= Betty Loo Taylor =

American jazz musician (1929–2016)

Betty Loo Taylor (February 27, 1929 – December 21, 2016) was an American jazz pianist and musician, known as Hawaii's "First Lady of Jazz." She was the subject of the 2003 documentary, They Call Her Lady Fingers: The Betty Loo Taylor Story, by husband-and-wife filmmakers, Patricia Gillespie and Sam Polson.

Taylor was born on February 27, 1929, and showed a natural musical ability as a child. She moved from Hawaii to New York City in the 1940s, where she attended music school and became a pianist. She returned to Hawaii during the 1950s.

Taylor performed regularly at the Trappers club in Waikiki during the 1970s and 1980s, alongside her longtime musical partner, singer Jimmy Borges, who also died in 2016. She continued to perform at the Kahala Hotel & Resort on Oahu throughout the 1990s and 2000s.
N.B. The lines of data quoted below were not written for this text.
lemma quartic_bracket_nonneg:
  fixes x :: "nat \<Rightarrow> real" and M :: "nat \<Rightarrow> nat \<Rightarrow> real"
  shows "0 \<le> 2 * (\<Sum>k<n. \<Sum>l<n. (x k)\<^sup>2 * (M k l * M k l) * (x l)\<^sup>2)
          - (\<Sum>k<n. ((x k)\<^sup>2)\<^sup>2 * (M k k * M k k))"
proof -
  have "(\<Sum>k<n. ((x k)\<^sup>2)\<^sup>2 * (M k k * M k k))
        \<le> (\<Sum>k<n. \<Sum>l<n. (x k)\<^sup>2 * (M k l * M k l) * (x l)\<^sup>2)"
  proof (rule sum_mono)
    fix k assume "k \<in> {..<n}"
    then have "(x k)\<^sup>2 * (M k k * M k k) * (x k)\<^sup>2
               \<le> (\<Sum>l<n. (x k)\<^sup>2 * (M k l * M k l) * (x l)\<^sup>2)"
      by (intro member_le_sum) auto
    then show "((x k)\<^sup>2)\<^sup>2 * (M k k * M k k) \<le> (\<Sum>l<n. (x k)\<^sup>2 * (M k l * M k l) * (x l)\<^sup>2)"
      by (simp add: power2_eq_square ac_simps)
  qed
  moreover have "0 \<le> (\<Sum>k<n. ((x k)\<^sup>2)\<^sup>2 * (M k k * M k k))"
    by (intro sum_nonneg) simp
  ultimately show ?thesis by linarith
qed

lemma weighted_column_norms_le:
  "(\<Sum>k<n. (x k)\<^sup>2 * (\<Sum>i<n. (M i k)\<^sup>2)) \<le> (inf_norm n x)\<^sup>2 * frob_sq n M"
proof -
  have "(\<Sum>k<n. (x k)\<^sup>2 * (\<Sum>i<n. (M i k)\<^sup>2)) \<le> (\<Sum>k<n. (inf_norm n x)\<^sup>2 * (\<Sum>i<n. (M i k)\<^sup>2))"
  proof (rule sum_mono)
    fix k assume "k \<in> {..<n}"
    then have "(x k)\<^sup>2 \<le> (inf_norm n x)\<^sup>2"
      using abs_le_inf_norm[of k n x] by (simp add: abs_le_square_iff[symmetric])
    then show "(x k)\<^sup>2 * (\<Sum>i<n. (M i k)\<^sup>2) \<le> (inf_norm n x)\<^sup>2 * (\<Sum>i<n. (M i k)\<^sup>2)"
      by (intro mult_right_mono sum_nonneg) auto
  qed
  also have "\<dots> = (inf_norm n x)\<^sup>2 * frob_sq n M"
    unfolding frob_sq_def sum_distrib_left[symmetric] by (subst sum.swap) simp
  finally show ?thesis .
qed
lemma exists_width_scaling:
  fixes G E \<delta> :: real and D :: nat
  assumes "G \<ge> 0" "E \<ge> 0" "\<delta> > 0"
  shows "\<exists>B \<eta> \<kappa>. filterlim B at_top sequentially \<and> (\<forall>m. B m > 0) \<and> (\<forall>\<epsilon>>0. \<eta> \<epsilon> > (0::real)) \<and>
     (\<forall>m. \<kappa> m > 0 \<and> 2 * real m * E / \<kappa> m ^ (2 * (D + 1)) \<le> \<delta>) \<and>
     (\<forall>m \<epsilon>. \<epsilon> > 0 \<longrightarrow> G * (1 + \<kappa> m + B m * \<eta> \<epsilon>) ^ D * (B m * \<eta> \<epsilon>) / sqrt (real m) \<le> \<epsilon>)"
proof -
  define c where "c = 1 + 2 * E / \<delta>"
  define Q where "Q = (G + 1) * (2 + c) ^ D * sqrt 2"
  define \<eta> where "\<eta> \<epsilon> = min 1 (\<epsilon> / Q)" for \<epsilon>
  have "c \<ge> 1"
    unfolding c_def using assms by simp
  then have "Q > 0"
    unfolding Q_def using assms by simp
  have tail: "2 * real m * E / (c * width_scale D m) ^ (2 * (D + 1)) \<le> \<delta>" for m
  proof -
    have "2 * E / c \<le> \<delta>"
      using assms \<open>c \<ge> 1\<close> unfolding c_def by (simp add: divide_le_eq field_simps)
    then show ?thesis
      using union_bound_width_scale[OF \<open>c \<ge> 1\<close> \<open>E \<ge> 0\<close>, of m D] by linarith
  qed
  have small: "G * (1 + c * width_scale D m + width_scale D m * \<eta> \<epsilon>) ^ D * (width_scale D m * \<eta> \<epsilon>)
      / sqrt (real m) \<le> \<epsilon>" if "\<epsilon> > 0" for m \<epsilon>
  proof -
    have "0 < \<eta> \<epsilon>" "\<eta> \<epsilon> \<le> 1" "Q * \<eta> \<epsilon> \<le> \<epsilon>"
      unfolding \<eta>_def using that \<open>Q > 0\<close> by (auto simp: min_def pos_le_divide_eq mult.commute)
    moreover have "G * (2 + c) ^ D * \<eta> \<epsilon> * sqrt 2 \<le> Q * \<eta> \<epsilon>"
      unfolding Q_def using assms \<open>c \<ge> 1\<close> \<open>0 < \<eta> \<epsilon>\<close> by (simp add: mult_right_mono)
    ultimately show ?thesis
      using grad_bound_width_scale[OF \<open>G \<ge> 0\<close> \<open>c \<ge> 1\<close>, of "\<eta> \<epsilon>" D m] by linarith
  qed
  have "\<eta> \<epsilon> > 0" if "\<epsilon> > 0" for \<epsilon>
    unfolding \<eta>_def using that \<open>Q > 0\<close> by simp
  moreover have "0 < width_scale D m" "0 < c * width_scale D m" for m
    using width_scale_ge_one[of D m] \<open>c \<ge> 1\<close> by auto
  ultimately show ?thesis
    using filterlim_width_scale tail small
    by (intro exI[of _ "width_scale D"] exI[of _ \<eta>] exI[of _ "\<lambda>m. c * width_scale D m"]) auto
qed
definition head_le_pairs :: "nat \<Rightarrow> nat \<Rightarrow> (nat list \<times> nat list) set" where
  "head_le_pairs k n =
     {(u, v). u \<in> strict_chains k \<and> v \<in> weak_chains n \<and> (v = [] \<or> hd u \<le> hd v)}"

definition head_gt_pairs :: "nat \<Rightarrow> nat \<Rightarrow> (nat list \<times> nat list) set" where
  "head_gt_pairs k n =
     {(u, v). u \<in> strict_chains k \<and> v \<in> weak_chains n \<and> v \<noteq> [] \<and> hd v < hd u}"

definition pair_weight :: "complex list \<Rightarrow> complex list \<Rightarrow> nat list \<times> nat list \<Rightarrow> complex" where
  "pair_weight s t = (\<lambda>(u, v). chain_weight s u * chain_weight t v)"

lemma head_gt_pairs_0 [simp]: "head_gt_pairs k 0 = {}"
  by (simp add: head_gt_pairs_def)

text \<open>The Schur multiple zeta function of the hook whose first column carries the variables s
  and whose first row, right of the corner, carries t (lemma schur_zeta_hook).\<close>

definition hook_zeta :: "complex list \<Rightarrow> complex list \<Rightarrow> complex" where
  "hook_zeta s t = infsum (pair_weight s t) (head_le_pairs (length s) (length t))"

lemma mzeta_times_mzeta_star_split:
  assumes s: "(\<lambda>m. norm (chain_weight s m)) summable_on strict_chains (length s)"
    and t: "(\<lambda>m. norm (chain_weight t m)) summable_on weak_chains (length t)"
  shows "mzeta s * mzeta_star t =
     hook_zeta s t + infsum (pair_weight s t) (head_gt_pairs (length s) (length t))"
proof -
  let ?P = "strict_chains (length s) \<times> weak_chains (length t)"
  have "(\<lambda>uv. norm (pair_weight s t uv)) summable_on ?P"
    using abs_summable_on_product[OF s t] by (simp add: pair_weight_def case_prod_unfold)
  then have summable: "pair_weight s t summable_on ?P"
    by (rule abs_summable_summable)
  have "mzeta s * mzeta_star t = infsum (pair_weight s t) ?P"
    unfolding mzeta_eq_infsum mzeta_star_eq_infsum pair_weight_def
    by (rule infsum_product[OF s t, symmetric])
  also have "?P = head_le_pairs (length s) (length t) \<union> head_gt_pairs (length s) (length t)"
    by (auto simp: head_le_pairs_def head_gt_pairs_def)
  also have "infsum (pair_weight s t) \<dots> =
      hook_zeta s t + infsum (pair_weight s t) (head_gt_pairs (length s) (length t))"
    unfolding hook_zeta_def
    by (rule infsum_Un_disjoint)
       (auto intro: summable_on_subset_banach[OF summable] simp: head_le_pairs_def head_gt_pairs_def)
  finally show ?thesis .
qed

lemma infsum_head_gt_pairs_Cons:
  "infsum (pair_weight s (a # t)) (head_gt_pairs (Suc k) (Suc n)) =
   infsum (pair_weight (a # s) t) (head_le_pairs (Suc (Suc k)) n)"
proof (rule infsum_reindex_bij_witness[where j = "\<lambda>(u, v). (hd v # u, tl v)"
      and i = "\<lambda>(u, v). (tl u, hd u # v)"])
  fix uv assume "uv \<in> head_gt_pairs (Suc k) (Suc n)"
  then obtain u y v where uv: "uv = (u, y # v)" "u \<in> strict_chains (Suc k)"
      "y # v \<in> weak_chains (Suc n)" "y < hd u"
    by (auto simp: head_gt_pairs_def neq_Nil_conv)
  then obtain x u' where u: "u = x # u'" by (cases u) (auto simp: strict_chains_def)
  show "(case case uv of (u, v) \<Rightarrow> (hd v # u, tl v) of (u, v) \<Rightarrow> (tl u, hd u # v)) = uv"
    by (simp add: uv)
  show "(case uv of (u, v) \<Rightarrow> (hd v # u, tl v)) \<in> head_le_pairs (Suc (Suc k)) n"
    using uv u by (cases v) (auto simp: head_le_pairs_def strict_chains_def weak_chains_def)
  show "pair_weight (a # s) t (case uv of (u, v) \<Rightarrow> (hd v # u, tl v)) = pair_weight s (a # t) uv"
    by (simp add: uv pair_weight_def chain_weight_Cons)
next
  fix uv assume "uv \<in> head_le_pairs (Suc (Suc k)) n"
  then obtain x x' u v where uv: "uv = (x # x' # u, v)" "x # x' # u \<in> strict_chains (Suc (Suc k))"
      "v \<in> weak_chains n" "v = [] \<or> x \<le> hd v"
    by (auto simp: head_le_pairs_def strict_chains_def length_Suc_conv)
  show "(case case uv of (u, v) \<Rightarrow> (tl u, hd u # v) of (u, v) \<Rightarrow> (hd v # u, tl v)) = uv"
    by (simp add: uv)
  show "(case uv of (u, v) \<Rightarrow> (tl u, hd u # v)) \<in> head_gt_pairs (Suc k) (Suc n)"
    using uv by (cases v) (auto simp: head_gt_pairs_def strict_chains_def weak_chains_def)
qed

lemma mzeta_times_mzeta_star_Cons:
  assumes "s \<noteq> []"
    and "(\<lambda>m. norm (chain_weight s m)) summable_on strict_chains (length s)"
    and "(\<lambda>m. norm (chain_weight (a # t) m)) summable_on weak_chains (length (a # t))"
  shows "mzeta s * mzeta_star (a # t) = hook_zeta s (a # t) + hook_zeta (a # s) t"
proof -
  obtain k where "length s = Suc k" using assms(1) by (cases s) auto
  then show ?thesis
    using mzeta_times_mzeta_star_split[OF assms(2,3)]
    by (simp add: infsum_head_gt_pairs_Cons hook_zeta_def)
qed

lemma mzeta_times_mzeta_star_Nil:
  assumes "(\<lambda>m. norm (chain_weight s m)) summable_on strict_chains (length s)"
  shows "mzeta s * mzeta_star [] = hook_zeta s []"
  using mzeta_times_mzeta_star_split[OF assms, of "[]"] by simp

lemma hook_diagram_iff:
  "(a, b) \<in> young_diagram (Suc p # replicate q 1) \<longleftrightarrow>
     (b = 1 \<and> 1 \<le> a \<and> a \<le> Suc q) \<or> (a = 1 \<and> 2 \<le> b \<and> b \<le> Suc p)"
proof -
  have "(Suc p # replicate q 1) ! (a - 1) = (if a \<le> 1 then Suc p else 1)" if "a \<le> Suc q"
    using that by (cases "a - 1") (auto simp: nth_Cons split: nat.splits)
  then show ?thesis unfolding young_diagram_def by (auto split: if_splits)
qed

lemma hook_diagram_eq:
  "young_diagram (Suc p # replicate q 1) =
     (\<lambda>i. (Suc i, 1)) ` {..<Suc q} \<union> (\<lambda>k. (1, k + 2)) ` {..<p}"
proof -
  have column: "(a, b) \<in> (\<lambda>i. (Suc i, 1)) ` {..<Suc q} \<longleftrightarrow> b = 1 \<and> 1 \<le> a \<and> a \<le> Suc q"
    for a b
    by (cases a) (auto simp: image_iff)
  have arm: "(a, b) \<in> (\<lambda>k. (1, k + 2)) ` {..<p} \<longleftrightarrow> a = 1 \<and> 2 \<le> b \<and> b \<le> Suc p"
    for a b
    by (auto simp: image_iff intro!: bexI[of _ "b - 2"])
  show ?thesis
  proof (rule set_eqI)
    fix x :: "nat \<times> nat"
    show "x \<in> young_diagram (Suc p # replicate q 1) \<longleftrightarrow>
        x \<in> (\<lambda>i. (Suc i, 1)) ` {..<Suc q} \<union> (\<lambda>k. (1, k + 2)) ` {..<p}"
      by (cases x) (simp only: Un_iff hook_diagram_iff column arm)
  qed
qed

lemma prod_hook_diagram:
  "(\<Prod>x\<in>young_diagram (Suc p # replicate q 1). f x) =
     (\<Prod>i<Suc q. f (Suc i, 1)) * (\<Prod>k<p. f (1, k + 2))"
proof -
  have "inj_on (\<lambda>i. (Suc i, 1::nat)) {..<Suc q}" "inj_on (\<lambda>k. (1::nat, k + 2)) {..<p}"
    by (auto simp: inj_on_def)
  moreover have "(\<lambda>i. (Suc i, 1::nat)) ` {..<Suc q} \<inter> (\<lambda>k. (1::nat, k + 2)) ` {..<p} = {}"
    by auto
  ultimately show ?thesis
    unfolding hook_diagram_eq by (simp add: prod.union_disjoint prod.reindex del: prod.lessThan_Suc)
qed

definition hook_column :: "nat \<Rightarrow> (nat \<times> nat \<Rightarrow> 'a) \<Rightarrow> 'a list" where
  "hook_column q M = map (\<lambda>i. M (Suc i, 1)) [0..<Suc q]"

definition hook_arm :: "nat \<Rightarrow> (nat \<times> nat \<Rightarrow> 'a) \<Rightarrow> 'a list" where
  "hook_arm p M = map (\<lambda>k. M (1, k + 2)) [0..<p]"

lemma length_hook_column [simp]: "length (hook_column q M) = Suc q"
  by (simp add: hook_column_def del: upt_Suc)

lemma length_hook_arm [simp]: "length (hook_arm p M) = p"
  by (simp add: hook_arm_def)

definition hook_tableau :: "nat \<Rightarrow> nat \<Rightarrow> nat list \<times> nat list \<Rightarrow> nat \<times> nat \<Rightarrow> nat" where
  "hook_tableau p q = (\<lambda>(u, v) (a, b).
     if b = 1 \<and> 1 \<le> a \<and> a \<le> Suc q then u ! (a - 1)
     else if a = 1 \<and> 2 \<le> b \<and> b \<le> Suc p then v ! (b - 2) else 0)"

lemma chain_weight_map_upt:
  "chain_weight (map f [0..<n]) (map g [0..<n]) = (\<Prod>i<n. inverse (of_nat (g i) powr f i))"
  by (simp add: chain_weight_def del: upt_Suc)

lemma prod_hook_diagram_weight:
  "(\<Prod>x\<in>young_diagram (Suc p # replicate q 1). inverse (of_nat (M x) powr s x)) =
     pair_weight (hook_column q s) (hook_arm p s) (hook_column q M, hook_arm p M)"
  unfolding prod_hook_diagram
  by (simp add: pair_weight_def hook_column_def hook_arm_def chain_weight_map_upt
      del: upt_Suc prod.lessThan_Suc)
In 2008, Taylor won a 2008 Na Hoku Hanohano Award for a jazz album she recorded with Joy Abbott. She also received praise for her arrangements and accompaniment of Alvin Ing on his 2010 CD, "Swing With Ing" which included Loo's nephew Steve playing bass. In 2012, she was also awarded Na Hoku Hanohano's lifetime achievement award.

Betty Loo Taylor died at Palolo Chinese Home in Honolulu on December 21, 2016, at age 87. Taylor, who was being treated for pneumonia at the time, had suffered a stroke approximately six months before her death.